Exercise
Nothing but the lines from the start of the entries through the line containing "(\<forall>v w. k v w = k w v) \<and>" should appear in the answer, each given exactly.
★ ★ ★ ★ ★
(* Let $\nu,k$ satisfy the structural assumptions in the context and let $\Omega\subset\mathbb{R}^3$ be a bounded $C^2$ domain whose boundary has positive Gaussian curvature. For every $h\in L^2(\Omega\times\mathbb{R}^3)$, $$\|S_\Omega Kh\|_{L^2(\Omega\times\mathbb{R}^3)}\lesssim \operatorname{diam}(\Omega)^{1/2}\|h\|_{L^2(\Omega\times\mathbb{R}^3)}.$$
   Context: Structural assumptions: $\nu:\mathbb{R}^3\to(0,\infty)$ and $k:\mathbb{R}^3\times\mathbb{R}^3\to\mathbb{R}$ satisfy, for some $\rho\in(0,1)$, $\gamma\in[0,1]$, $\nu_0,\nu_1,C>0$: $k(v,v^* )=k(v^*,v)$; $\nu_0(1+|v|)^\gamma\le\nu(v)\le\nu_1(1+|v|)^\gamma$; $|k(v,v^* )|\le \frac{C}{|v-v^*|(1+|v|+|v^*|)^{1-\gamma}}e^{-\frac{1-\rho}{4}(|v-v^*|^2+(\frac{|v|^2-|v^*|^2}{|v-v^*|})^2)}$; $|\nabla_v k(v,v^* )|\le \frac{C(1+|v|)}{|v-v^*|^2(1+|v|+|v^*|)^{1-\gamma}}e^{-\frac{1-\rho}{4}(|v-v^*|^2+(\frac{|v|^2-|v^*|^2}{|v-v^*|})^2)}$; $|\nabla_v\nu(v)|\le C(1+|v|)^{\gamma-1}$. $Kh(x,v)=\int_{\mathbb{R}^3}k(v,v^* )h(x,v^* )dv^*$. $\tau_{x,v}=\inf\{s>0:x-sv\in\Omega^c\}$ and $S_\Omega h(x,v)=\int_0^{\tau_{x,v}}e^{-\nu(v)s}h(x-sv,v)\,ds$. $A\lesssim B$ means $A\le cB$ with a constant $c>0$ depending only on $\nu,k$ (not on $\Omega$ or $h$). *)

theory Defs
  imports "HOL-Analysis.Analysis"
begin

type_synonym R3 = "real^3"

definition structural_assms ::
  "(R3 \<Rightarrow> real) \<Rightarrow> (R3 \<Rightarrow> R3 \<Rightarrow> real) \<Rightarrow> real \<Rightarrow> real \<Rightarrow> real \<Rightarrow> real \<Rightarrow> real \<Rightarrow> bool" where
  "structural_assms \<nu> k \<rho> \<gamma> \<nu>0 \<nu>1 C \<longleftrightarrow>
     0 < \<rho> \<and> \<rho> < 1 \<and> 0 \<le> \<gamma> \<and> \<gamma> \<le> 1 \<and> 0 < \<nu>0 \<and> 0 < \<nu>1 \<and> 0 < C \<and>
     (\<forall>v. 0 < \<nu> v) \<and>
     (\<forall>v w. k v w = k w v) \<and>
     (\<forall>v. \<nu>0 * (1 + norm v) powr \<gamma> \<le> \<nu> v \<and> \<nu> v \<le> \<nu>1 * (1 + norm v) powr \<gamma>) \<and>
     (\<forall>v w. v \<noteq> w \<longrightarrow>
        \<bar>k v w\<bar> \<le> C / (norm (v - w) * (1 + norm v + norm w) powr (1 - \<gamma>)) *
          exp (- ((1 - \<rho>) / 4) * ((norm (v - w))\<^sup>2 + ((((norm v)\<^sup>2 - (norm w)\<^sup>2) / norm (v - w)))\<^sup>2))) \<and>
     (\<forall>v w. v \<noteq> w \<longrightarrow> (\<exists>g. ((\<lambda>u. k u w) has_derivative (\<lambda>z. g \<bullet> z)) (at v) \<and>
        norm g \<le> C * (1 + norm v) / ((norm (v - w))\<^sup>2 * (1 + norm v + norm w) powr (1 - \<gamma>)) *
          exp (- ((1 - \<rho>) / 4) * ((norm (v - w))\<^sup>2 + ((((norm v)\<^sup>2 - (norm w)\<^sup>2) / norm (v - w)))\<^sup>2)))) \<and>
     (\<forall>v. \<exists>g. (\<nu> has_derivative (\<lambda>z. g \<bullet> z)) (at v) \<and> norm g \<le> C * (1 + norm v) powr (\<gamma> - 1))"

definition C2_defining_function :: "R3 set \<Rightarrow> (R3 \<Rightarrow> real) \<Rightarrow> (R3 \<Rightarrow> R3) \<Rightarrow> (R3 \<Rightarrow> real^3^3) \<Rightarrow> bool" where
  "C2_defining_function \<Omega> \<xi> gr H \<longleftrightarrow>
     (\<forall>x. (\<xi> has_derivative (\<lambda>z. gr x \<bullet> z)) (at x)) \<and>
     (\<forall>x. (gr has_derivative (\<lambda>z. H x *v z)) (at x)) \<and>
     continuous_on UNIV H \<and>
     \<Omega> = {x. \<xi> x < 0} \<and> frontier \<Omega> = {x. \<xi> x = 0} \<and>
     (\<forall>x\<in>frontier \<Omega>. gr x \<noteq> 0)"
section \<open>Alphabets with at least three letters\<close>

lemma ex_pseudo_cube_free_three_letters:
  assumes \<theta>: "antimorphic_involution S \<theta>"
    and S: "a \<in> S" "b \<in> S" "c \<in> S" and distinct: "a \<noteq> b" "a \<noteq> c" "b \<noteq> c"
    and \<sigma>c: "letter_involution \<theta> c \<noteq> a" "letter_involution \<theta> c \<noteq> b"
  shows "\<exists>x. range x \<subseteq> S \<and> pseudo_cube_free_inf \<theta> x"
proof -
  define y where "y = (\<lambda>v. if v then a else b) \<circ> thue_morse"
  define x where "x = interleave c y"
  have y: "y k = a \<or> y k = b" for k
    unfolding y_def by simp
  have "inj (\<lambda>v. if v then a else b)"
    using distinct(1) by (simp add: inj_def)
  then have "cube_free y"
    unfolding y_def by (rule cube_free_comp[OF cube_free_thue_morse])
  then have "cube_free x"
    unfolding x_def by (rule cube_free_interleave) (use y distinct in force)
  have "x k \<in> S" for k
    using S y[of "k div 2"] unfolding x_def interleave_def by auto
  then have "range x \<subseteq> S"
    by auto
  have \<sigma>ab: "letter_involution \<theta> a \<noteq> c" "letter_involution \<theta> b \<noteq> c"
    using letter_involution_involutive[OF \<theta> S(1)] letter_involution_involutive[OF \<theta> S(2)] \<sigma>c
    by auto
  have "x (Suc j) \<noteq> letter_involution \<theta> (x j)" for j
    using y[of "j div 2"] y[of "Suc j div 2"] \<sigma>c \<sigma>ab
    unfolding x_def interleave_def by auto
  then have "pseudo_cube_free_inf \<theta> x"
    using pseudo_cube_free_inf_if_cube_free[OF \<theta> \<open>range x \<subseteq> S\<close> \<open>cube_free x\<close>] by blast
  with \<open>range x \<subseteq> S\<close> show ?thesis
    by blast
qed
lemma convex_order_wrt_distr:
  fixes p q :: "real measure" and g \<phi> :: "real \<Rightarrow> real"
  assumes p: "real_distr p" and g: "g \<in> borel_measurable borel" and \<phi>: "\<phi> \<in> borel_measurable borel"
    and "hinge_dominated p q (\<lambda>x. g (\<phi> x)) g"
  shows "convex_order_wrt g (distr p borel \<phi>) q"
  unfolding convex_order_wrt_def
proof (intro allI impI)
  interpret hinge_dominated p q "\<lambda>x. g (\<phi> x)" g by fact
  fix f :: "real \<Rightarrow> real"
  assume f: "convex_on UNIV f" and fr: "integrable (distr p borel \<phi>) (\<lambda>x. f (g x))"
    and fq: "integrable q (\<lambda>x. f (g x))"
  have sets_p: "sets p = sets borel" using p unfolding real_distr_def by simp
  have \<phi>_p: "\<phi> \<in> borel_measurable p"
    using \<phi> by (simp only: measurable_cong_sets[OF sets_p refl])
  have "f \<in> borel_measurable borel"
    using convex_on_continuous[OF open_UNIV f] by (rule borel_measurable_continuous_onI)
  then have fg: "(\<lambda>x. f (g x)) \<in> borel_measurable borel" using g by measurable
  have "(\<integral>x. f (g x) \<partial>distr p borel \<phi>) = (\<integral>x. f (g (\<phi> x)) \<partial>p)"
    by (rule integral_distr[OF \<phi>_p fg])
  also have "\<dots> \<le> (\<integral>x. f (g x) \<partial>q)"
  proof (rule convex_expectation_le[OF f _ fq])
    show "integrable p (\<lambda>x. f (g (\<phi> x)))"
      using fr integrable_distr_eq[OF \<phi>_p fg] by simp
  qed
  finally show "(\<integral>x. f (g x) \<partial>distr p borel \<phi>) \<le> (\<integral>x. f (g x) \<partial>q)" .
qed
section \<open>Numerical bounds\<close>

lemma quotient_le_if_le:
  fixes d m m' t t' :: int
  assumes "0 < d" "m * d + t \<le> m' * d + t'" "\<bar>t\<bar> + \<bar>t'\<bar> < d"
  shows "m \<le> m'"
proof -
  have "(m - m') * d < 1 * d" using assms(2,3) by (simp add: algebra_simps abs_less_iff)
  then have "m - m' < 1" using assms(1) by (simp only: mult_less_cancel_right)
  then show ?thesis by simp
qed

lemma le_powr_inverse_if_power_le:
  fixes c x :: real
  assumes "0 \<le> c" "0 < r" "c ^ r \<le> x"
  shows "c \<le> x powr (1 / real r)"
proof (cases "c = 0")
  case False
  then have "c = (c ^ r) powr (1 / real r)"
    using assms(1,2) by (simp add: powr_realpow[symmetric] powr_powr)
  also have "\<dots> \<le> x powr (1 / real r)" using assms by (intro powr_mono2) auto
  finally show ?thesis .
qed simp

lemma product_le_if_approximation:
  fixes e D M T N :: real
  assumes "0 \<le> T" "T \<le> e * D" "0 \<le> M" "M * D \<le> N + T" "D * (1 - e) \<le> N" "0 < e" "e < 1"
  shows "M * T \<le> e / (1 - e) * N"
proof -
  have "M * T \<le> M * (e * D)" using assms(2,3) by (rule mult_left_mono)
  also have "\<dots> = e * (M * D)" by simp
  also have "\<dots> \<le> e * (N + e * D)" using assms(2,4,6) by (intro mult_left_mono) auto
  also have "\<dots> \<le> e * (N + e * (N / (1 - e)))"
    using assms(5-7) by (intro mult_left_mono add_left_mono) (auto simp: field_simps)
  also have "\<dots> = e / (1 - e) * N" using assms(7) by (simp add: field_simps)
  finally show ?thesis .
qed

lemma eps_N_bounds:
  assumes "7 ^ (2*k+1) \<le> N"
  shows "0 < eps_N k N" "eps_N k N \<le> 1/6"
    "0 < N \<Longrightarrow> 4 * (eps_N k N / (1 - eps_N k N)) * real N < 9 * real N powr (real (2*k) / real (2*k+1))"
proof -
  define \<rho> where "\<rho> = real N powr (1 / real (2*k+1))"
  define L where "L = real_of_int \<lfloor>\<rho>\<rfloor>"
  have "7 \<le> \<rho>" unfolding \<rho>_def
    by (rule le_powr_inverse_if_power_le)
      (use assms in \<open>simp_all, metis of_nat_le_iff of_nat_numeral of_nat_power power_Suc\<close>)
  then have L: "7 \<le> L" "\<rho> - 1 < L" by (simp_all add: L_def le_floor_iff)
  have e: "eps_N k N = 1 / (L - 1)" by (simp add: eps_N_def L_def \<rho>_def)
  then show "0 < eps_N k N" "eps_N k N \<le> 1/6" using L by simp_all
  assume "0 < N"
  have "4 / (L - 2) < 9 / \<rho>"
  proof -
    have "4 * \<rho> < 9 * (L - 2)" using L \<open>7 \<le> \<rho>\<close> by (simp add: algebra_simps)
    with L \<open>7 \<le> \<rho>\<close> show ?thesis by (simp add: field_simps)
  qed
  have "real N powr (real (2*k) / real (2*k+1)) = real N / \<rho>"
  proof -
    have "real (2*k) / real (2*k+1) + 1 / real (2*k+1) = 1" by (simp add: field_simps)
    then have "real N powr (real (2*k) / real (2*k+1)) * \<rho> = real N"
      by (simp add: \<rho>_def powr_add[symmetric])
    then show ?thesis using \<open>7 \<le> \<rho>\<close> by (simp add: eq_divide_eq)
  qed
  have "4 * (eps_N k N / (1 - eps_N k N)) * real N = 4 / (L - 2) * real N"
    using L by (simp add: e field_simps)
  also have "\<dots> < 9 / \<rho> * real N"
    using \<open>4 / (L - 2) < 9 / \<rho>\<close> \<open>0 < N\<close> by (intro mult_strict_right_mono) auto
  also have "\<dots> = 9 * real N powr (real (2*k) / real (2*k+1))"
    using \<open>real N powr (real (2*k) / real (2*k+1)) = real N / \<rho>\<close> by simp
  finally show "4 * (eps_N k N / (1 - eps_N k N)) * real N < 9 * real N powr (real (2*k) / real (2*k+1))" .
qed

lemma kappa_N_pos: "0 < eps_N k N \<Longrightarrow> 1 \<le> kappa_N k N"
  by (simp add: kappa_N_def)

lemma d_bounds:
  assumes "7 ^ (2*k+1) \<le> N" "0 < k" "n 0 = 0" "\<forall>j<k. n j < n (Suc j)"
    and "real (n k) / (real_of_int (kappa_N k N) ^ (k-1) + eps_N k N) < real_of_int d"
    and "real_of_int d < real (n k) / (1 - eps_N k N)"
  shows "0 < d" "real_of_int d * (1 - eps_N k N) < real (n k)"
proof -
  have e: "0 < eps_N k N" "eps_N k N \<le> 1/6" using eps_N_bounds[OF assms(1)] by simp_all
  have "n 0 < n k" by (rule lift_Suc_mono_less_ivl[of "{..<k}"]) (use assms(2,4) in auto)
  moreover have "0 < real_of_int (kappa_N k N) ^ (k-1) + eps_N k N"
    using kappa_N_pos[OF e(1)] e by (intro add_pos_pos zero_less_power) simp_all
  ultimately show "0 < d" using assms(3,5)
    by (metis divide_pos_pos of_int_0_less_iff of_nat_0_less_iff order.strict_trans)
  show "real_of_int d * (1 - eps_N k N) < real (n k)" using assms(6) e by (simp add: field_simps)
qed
★ ★ ★ ★ ★
Exercise result
(* Let $\nu,k$ satisfy the structural assumptions in the context and let $\Omega\subset\mathbb{R}^3$ be a bounded $C^2$ domain whose boundary has positive Gaussian curvature. For every $h\in L^2(\Omega\times\mathbb{R}^3)$, $$\|S_\Omega Kh\|_{L^2(\Omega\times\mathbb{R}^3)}\lesssim \operatorname{diam}(\Omega)^{1/2}\|h\|_{L^2(\Omega\times\mathbb{R}^3)}.$$
   Context: Structural assumptions: $\nu:\mathbb{R}^3\to(0,\infty)$ and $k:\mathbb{R}^3\times\mathbb{R}^3\to\mathbb{R}$ satisfy, for some $\rho\in(0,1)$, $\gamma\in[0,1]$, $\nu_0,\nu_1,C>0$: $k(v,v^* )=k(v^*,v)$; $\nu_0(1+|v|)^\gamma\le\nu(v)\le\nu_1(1+|v|)^\gamma$; $|k(v,v^* )|\le \frac{C}{|v-v^*|(1+|v|+|v^*|)^{1-\gamma}}e^{-\frac{1-\rho}{4}(|v-v^*|^2+(\frac{|v|^2-|v^*|^2}{|v-v^*|})^2)}$; $|\nabla_v k(v,v^* )|\le \frac{C(1+|v|)}{|v-v^*|^2(1+|v|+|v^*|)^{1-\gamma}}e^{-\frac{1-\rho}{4}(|v-v^*|^2+(\frac{|v|^2-|v^*|^2}{|v-v^*|})^2)}$; $|\nabla_v\nu(v)|\le C(1+|v|)^{\gamma-1}$. $Kh(x,v)=\int_{\mathbb{R}^3}k(v,v^* )h(x,v^* )dv^*$. $\tau_{x,v}=\inf\{s>0:x-sv\in\Omega^c\}$ and $S_\Omega h(x,v)=\int_0^{\tau_{x,v}}e^{-\nu(v)s}h(x-sv,v)\,ds$. $A\lesssim B$ means $A\le cB$ with a constant $c>0$ depending only on $\nu,k$ (not on $\Omega$ or $h$). *)

theory Defs
  imports "HOL-Analysis.Analysis"
begin

type_synonym R3 = "real^3"

definition structural_assms ::
  "(R3 \<Rightarrow> real) \<Rightarrow> (R3 \<Rightarrow> R3 \<Rightarrow> real) \<Rightarrow> real \<Rightarrow> real \<Rightarrow> real \<Rightarrow> real \<Rightarrow> real \<Rightarrow> bool" where
  "structural_assms \<nu> k \<rho> \<gamma> \<nu>0 \<nu>1 C \<longleftrightarrow>
     0 < \<rho> \<and> \<rho> < 1 \<and> 0 \<le> \<gamma> \<and> \<gamma> \<le> 1 \<and> 0 < \<nu>0 \<and> 0 < \<nu>1 \<and> 0 < C \<and>
     (\<forall>v. 0 < \<nu> v) \<and>
     (\<forall>v w. k v w = k w v) \<and>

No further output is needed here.